[<prev] [next>] [thread-next>] [day] [month] [year] [list]
Message-Id: <20251013101636.69220-1-21cnbao@gmail.com>
Date: Mon, 13 Oct 2025 18:16:36 +0800
From: Barry Song <21cnbao@...il.com>
To: netdev@...r.kernel.org,
linux-mm@...ck.org,
linux-doc@...r.kernel.org
Cc: linux-kernel@...r.kernel.org,
Barry Song <v-songbaohua@...o.com>,
Jonathan Corbet <corbet@....net>,
Eric Dumazet <edumazet@...gle.com>,
Kuniyuki Iwashima <kuniyu@...gle.com>,
Paolo Abeni <pabeni@...hat.com>,
Willem de Bruijn <willemb@...gle.com>,
"David S. Miller" <davem@...emloft.net>,
Jakub Kicinski <kuba@...nel.org>,
Simon Horman <horms@...nel.org>,
Vlastimil Babka <vbabka@...e.cz>,
Suren Baghdasaryan <surenb@...gle.com>,
Michal Hocko <mhocko@...e.com>,
Brendan Jackman <jackmanb@...gle.com>,
Johannes Weiner <hannes@...xchg.org>,
Zi Yan <ziy@...dia.com>,
Yunsheng Lin <linyunsheng@...wei.com>,
Huacai Zhou <zhouhuacai@...o.com>
Subject: [RFC PATCH] mm: net: disable kswapd for high-order network buffer allocation
From: Barry Song <v-songbaohua@...o.com>
On phones, we have observed significant phone heating when running apps
with high network bandwidth. This is caused by the network stack frequently
waking kswapd for order-3 allocations. As a result, memory reclamation becomes
constantly active, even though plenty of memory is still available for network
allocations which can fall back to order-0.
Commit ce27ec60648d ("net: add high_order_alloc_disable sysctl/static key")

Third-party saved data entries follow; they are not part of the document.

theorem mainTheorem2:
  fixes p F :: "real \<Rightarrow> real" and \<phi> :: "real \<Rightarrow> real ^ 'n"
  assumes p_pos: "\<forall>x\<in>{-1<..<1}. p x > 0"
    and p_cont: "continuous_on {-1<..<1} p"
    and p_even: "\<forall>x\<in>{-1<..<1}. p (- x) = p x"
    and p_disc: "disconjugate_on {-1<..<1} p"
    and F_C3: "C3_on {-1<..<1} F"
    and F_nonsing: "\<forall>x\<in>{-1<..<1}. deriv F x \<noteq> 0"
    and F_schw: "\<forall>x\<in>{-1<..<1}. schwarzian F x = 2 * p x"
    and F_init: "F 0 = 0" "deriv F 0 = 1" "deriv (deriv F) 0 = 0"
    and phi_C3: "C3_on {-1<..<1} \<phi>"
    and phi_nonsing: "\<forall>x\<in>{-1<..<1}. vd \<phi> x \<noteq> 0"
    and phi_init: "\<phi> 0 = 0" "norm (vd \<phi> 0) = 1" "inner (vd \<phi> 0) (vd (vd \<phi>) 0) = 0"
    and phi_S1: "\<forall>x\<in>{-1<..<1}. ahlfors_S1 \<phi> x \<le> 2 * p x"
  shows "\<forall>x\<in>{-1<..<1}. norm (\<phi> x) / sqrt (norm (vd \<phi> x)) \<ge> \<bar>F x\<bar> / sqrt (deriv F x)"
proof
  fix x assume x: "x \<in> {-1<..<1::real}"
  define I where "I = {-1<..<1::real}"
  have I: "open I" "is_interval I" "0 \<in> I" by (auto simp: I_def is_interval_def)
  have "deriv F 0 > 0" using F_init(2) by simp
  note sol = schwarzian_normal_solution[OF I(1,2) F_C3[folded I_def] F_nonsing[folded I_def] I(3) this
      F_schw[folded I_def]]
  have U0: "sqrt_normalized F 0 = 0" "sqrt_normalized_deriv F 0 = 1"
    using F_init by (simp_all add: sqrt_normalized_def sqrt_normalized_deriv_def)
  note sign = disconjugate_solution_sign[OF I p_disc[folded I_def] sol(2,3) U0, unfolded I_def]
  obtain \<phi>' \<phi>'' \<phi>''' where
    d1: "\<And>t. t \<in> I \<Longrightarrow> (\<phi> has_vector_derivative \<phi>' t) (at t)" and
    d2: "\<And>t. t \<in> I \<Longrightarrow> (\<phi>' has_vector_derivative \<phi>'' t) (at t)" and
    d3: "\<And>t. t \<in> I \<Longrightarrow> (\<phi>'' has_vector_derivative \<phi>''' t) (at t)"
    using phi_C3 unfolding C3_on_def I_def by blast
  note vd = vd_iterates[OF I(1) d1 d2 d3] and S1 = ahlfors_S1_eq_schwarz_form[OF I(1) d1 d2 d3]
  have "\<bar>sqrt_normalized F x\<bar> \<le> speed_ratio \<phi> \<phi>' x"
    by (rule curve_comparison[OF d1 d2 d3 _ phi_init(1) _ sol(2,3) U0])
      (use sign x phi_init(2) vd S1 I(3) phi_nonsing phi_S1 in \<open>auto simp: I_def\<close>)
  then show "\<bar>F x\<bar> / sqrt (deriv F x) \<le> norm (\<phi> x) / sqrt (norm (vd \<phi> x))"
    using sol(1)[of x] vd(1)[of x] x by (simp add: sqrt_normalized_def speed_ratio_def abs_div I_def)
qed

introduced high_order_alloc_disable for the transmit (TX) path
(skb_page_frag_refill()) to mitigate some memory reclamation issues,
allowing the TX path to fall back to order-0 immediately, while leaving the
receive (RX) path (__page_frag_cache_refill()) unaffected. Users are
generally unaware of the sysctl and cannot easily adjust it for specific use
cases. Enabling high_order_alloc_disable also completely disables the
benefit of order-3 allocations. Additionally, the sysctl does not apply to the
RX path.
An alternative approach is to disable kswapd for these frequent
allocations and provide best-effort order-3 service for both TX and RX paths,
while removing the sysctl entirely.
Cc: Jonathan Corbet <corbet@....net>
Cc: Eric Dumazet <edumazet@...gle.com>
Cc: Kuniyuki Iwashima <kuniyu@...gle.com>
Cc: Paolo Abeni <pabeni@...hat.com>
Cc: Willem de Bruijn <willemb@...gle.com>
Cc: "David S. Miller" <davem@...emloft.net>
Cc: Jakub Kicinski <kuba@...nel.org>
Cc: Simon Horman <horms@...nel.org>
Cc: Vlastimil Babka <vbabka@...e.cz>
Cc: Suren Baghdasaryan <surenb@...gle.com>
Cc: Michal Hocko <mhocko@...e.com>
Cc: Brendan Jackman <jackmanb@...gle.com>
Cc: Johannes Weiner <hannes@...xchg.org>
Cc: Zi Yan <ziy@...dia.com>
Cc: Yunsheng Lin <linyunsheng@...wei.com>
Cc: Huacai Zhou <zhouhuacai@...o.com>
Signed-off-by: Barry Song <v-songbaohua@...o.com>
---
Documentation/admin-guide/sysctl/net.rst | 12 ------------
include/net/sock.h | 1 -
mm/page_frag_cache.c | 2 +-
net/core/sock.c | 8 ++------
net/core/sysctl_net_core.c | 7 -------
5 files changed, 3 insertions(+), 27 deletions(-)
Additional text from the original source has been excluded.